Comme promis, les riches seront mis à contribution pour aider la France à se désendetter, mais leur effort passera par une taxe limitée dans le temps, jugée "symbolique" par les experts.
Le gouvernement va créer en 2012 une "contribution exceptionnelle sur les hauts revenus", a annoncé mercredi le Premier ministre François Fillon.
Cette taxe de 3% visera les revenus du travail et du capital dépassant 500.000 euros par an, et rapportera 200 millions annuels dans les caisses de l'Etat.
"Il s'agit d'une taxation exceptionnelle" qui sera "supprimée" lorsque le déficit public de la France aura été ramené à 3% du PIB, a précisé le Premier ministre. Si la France respecte ses promesses, la taxe restera en vigueur jusqu'en 2013 et disparaîtra l'année suivante.
"C'est assez symbolique et dérisoire", a déploré le président de la commission des Finances du Sénat, Jean Arthuis.
A l'instar d'un grand nombre de parlementaires de la majorité et d'économistes, le sénateur centriste privilégiait la création d'une ou deux tranches d'impôt supplémentaires sur les hauts revenus.
Plus virulent encore, le Parti socialiste a dénoncé une mesure "emblématique" du "cynisme" du gouvernement, accusé de demander aux riches "de ne rendre qu'un neuvième" du "chèque" qu'il leur a fait en allégeant l'impôt de solidarité sur la fortune (ISF).
"Les efforts demandés aux salariés sont assez conséquents" tandis que ceux "demandés aux entreprises et aux très hauts revenus sont beaucoup plus faibles", a fait écho la CFDT.
Faux, a répliqué François Fillon, venu défendre au 20 heures de TF1 son plan d'austérité. "C'est le symbole de la participation de l'ensemble de la nation à l'effort" dans une "situation difficile", a-t-il estimé.
La ministre du Budget, Valérie Pécresse, a pour sa part chiffré à 3,7 milliards d'euros (sur un total de 12 milliards) la contribution totale des ménages les plus aisés au plan, soit "les deux tiers de l'effort" demandé à la totalité des ménages français, selon elle.
"Quand on est aisé, on gagne plus, on possède plus", a-t-elle expliqué. "Dans le plan que nous proposons, il y a la taxation exceptionnelle, mais aussi la taxation des revenus du patrimoine (+1,3%). Et il y a aussi une taxation supplémentaire de la plus-value de la cession des résidences secondaires.
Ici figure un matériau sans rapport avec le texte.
(* Let $T$ be a first-order theory over a function-free vocabulary $\Sigma$, let $O$ be a propagator for $T$, and let $D$ be a finite set. Let $\mathcal{K}$ be the class of CSPs of the form $\langle \{C_T\}, V_{\tilde I}, \mathit{dom}_{\tilde I}\rangle$ where $\tilde I$ ranges over four-valued $\Sigma$-structures with domain $D$. Then the operator $f$ on $\mathcal{K}$ defined by $f(\langle \{C_T\}, V_{\tilde I}, \mathit{dom}_{\tilde I}\rangle) = \langle \{C_T\}, V_{\tilde I}, \mathit{dom}_{O(\tilde I)}\rangle$ is a domain reducing propagator.
   Context: Vocabularies are finite sets of predicate symbols with arities. Truth values: $\mathbf{t}$ (true), $\mathbf{f}$ (false), $\mathbf{u}$ (unknown), $\mathbf{i}$ (inconsistent). The precision order $\le_p$ on truth values: $\mathbf{u} \le_p \mathbf{t} \le_p \mathbf{i}$ and $\mathbf{u} \le_p \mathbf{f} \le_p \mathbf{i}$, with $\mathbf{t},\mathbf{f}$ incomparable. A four-valued $\Sigma$-structure $\tilde I$ consists of a domain $D$ and, for each $P/n \in \Sigma$, a function $P^{\tilde I}: D^n \to \{\mathbf{t},\mathbf{f},\mathbf{u},\mathbf{i}\}$; it is two-valued if it only uses $\mathbf{t},\mathbf{f}$, and two-valued structures are identified with ordinary first-order structures ($\overline{d} \in P^I$ iff $P^I(\overline{d})=\mathbf{t}$). For structures with the same domain, $\tilde I \le_p \tilde J$ iff $P^{\tilde I}(\overline{d}) \le_p P^{\tilde J}(\overline{d})$ for all $P,\overline{d}$. A propagator for a theory $T$ over $\Sigma$ is a map $O$ from four-valued $\Sigma$-structures to four-valued $\Sigma$-structures such that (i) $\tilde I \le_p O(\tilde I)$ for every $\tilde I$ (in particular $O(\tilde I)$ has the same domain), and (ii) for every two-valued model $M$ of $T$ with $\tilde I \le_p M$, also $O(\tilde I) \le_p M$. CSPs: a constraint on a sequence of variables $(v_1,\dots,v_n)$ is a set of $n$-tuples. A CSP is a tuple $\langle \mathcal{C}, V, \mathit{dom}\rangle$ with $V$ a set of (constraint) variables, $\mathit{dom}$ mapping each variable to a domain, and $\mathcal{C}$ a set of constraints on finite sequences of variables from $V$. A solution is a map $d$ with $d(v)\in\mathit{dom}(v)$ for all $v\in V$ and $(d(v_1),\dots,d(v_n))\in C$ for every constraint $C\in\mathcal{C}$ on $(v_1,\dots,v_n)$. Two CSPs with the same variables are equivalent if they have the same solutions. A (CSP) propagator is a function mapping CSPs to equivalent CSPs; it is domain reducing if it keeps the set of constraints unchanged and satisfies $\mathit{dom}_2(v)\subseteq \mathit{dom}_1(v)$ for all $v$, where $\mathit{dom}_1,\mathit{dom}_2$ are the domain maps of input and output. CSP of $\langle T,\tilde I\rangle$ for finite $\tilde I$ with domain $D$: $V_{\tilde I}$ is the set of all domain atoms $P(\overline{d})$ with $P/n\in\Sigma$, $\overline{d}\in D^n$, with a fixed total order (the $i$th domain atom). $\mathit{dom}_{\tilde I}(P(\overline{d}))$ is $\{\mathbf{t},\mathbf{f}\}$, $\{\mathbf{t}\}$, $\{\mathbf{f}\}$, $\emptyset$ according as $P^{\tilde I}(\overline{d})$ is $\mathbf{u},\mathbf{t},\mathbf{f},\mathbf{i}$. For $\overline{\tau}\in\{\mathbf{t},\mathbf{f}\}^{|V_{\tilde I}|}$, $I_{\overline{\tau}}$ is the two-valued $\Sigma$-structure with domain $D$ in which the $i$th domain atom is true iff the $i$th entry of $\overline{\tau}$ is $\mathbf{t}$. $C_T$ is the constraint on the whole sequence of domain atoms consisting of all $\overline{\tau}$ with $I_{\overline{\tau}}\models T$. *)

theory Defs
  imports Main
begin

datatype tv = TT | FF | UU | II   (* true, false, unknown, inconsistent *)

definition leq_p :: "tv \<Rightarrow> tv \<Rightarrow> bool" where
  "leq_p a b \<longleftrightarrow> a = b \<or> a = UU \<or> b = II"

text \<open>Function-free: terms are variables only (no function or constant symbols).\<close>
datatype 'p fm = Atom 'p "nat list" | Eq nat nat | Neg "'p fm" | Conj "'p fm" "'p fm" | Ex nat "'p fm"

fun sat :: "('p \<Rightarrow> 'd list \<Rightarrow> bool) \<Rightarrow> 'd set \<Rightarrow> (nat \<Rightarrow> 'd) \<Rightarrow> 'p fm \<Rightarrow> bool" where
  "sat I D e (Atom P xs) = I P (map e xs)"
| "sat I D e (Eq x y) = (e x = e y)"
| "sat I D e (Neg \<phi>) = (\<not> sat I D e \<phi>)"
| "sat I D e (Conj \<phi> \<psi>) = (sat I D e \<phi> \<and> sat I D e \<psi>)"
| "sat I D e (Ex x \<phi>) = (\<exists>d\<in>D. sat I D (e(x := d)) \<phi>)"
Tout ça est un package sur les ménages aisés".
Plusieurs grandes fortunes françaises, dont Liliane Bettencourt, s'étaient dites prêtes, dès mardi, à une contribution "exceptionnelle" mais "raisonnable".
"Ils ont pris les devants en disant +taxez-nous un peu+, car ils savent qu'ils sont très peu imposés", balaye Thibault Gajdos, économiste au CNRS.
Mais, au-delà du combat politique, les économistes estiment que le compte n'y est pas.
"C'est vraiment de la symbolique politique", lance Elie Cohen, directeur de recherches au CNRS. Selon lui, à huit mois de la présidentielle, le gouvernement a voulu "aller dans le sens de l'opinion, favorable à une taxation des plus riches".
"Mais il faudrait des mesures plus durables", comme de nouvelles tranches d'imposition sur le revenu ou une taxation du capital renforcée, a-t-il souligné.
Les économistes interrogés par l'AFP sur une telle mesure sont unanimes sur son aspect symbolique. "Cacahouètes", lance Thibault Gajdos. "Cosmétique", confirme Christian Saint-Etienne, professeur à Paris-Dauphine.
Alors que l'impôt sur le revenu est critiqué de toutes parts, notamment par la Cour des comptes qui a relevé dans un récent rapport qu'il devient "dégressif" pour les quelques milliers de contribuables les plus aisés, tous estiment que la situation actuelle appelle une vraie réforme fiscale et un encadrement beaucoup plus strict des niches.
"Le système actuel arrive en bout de course", martèle Elie Cohen.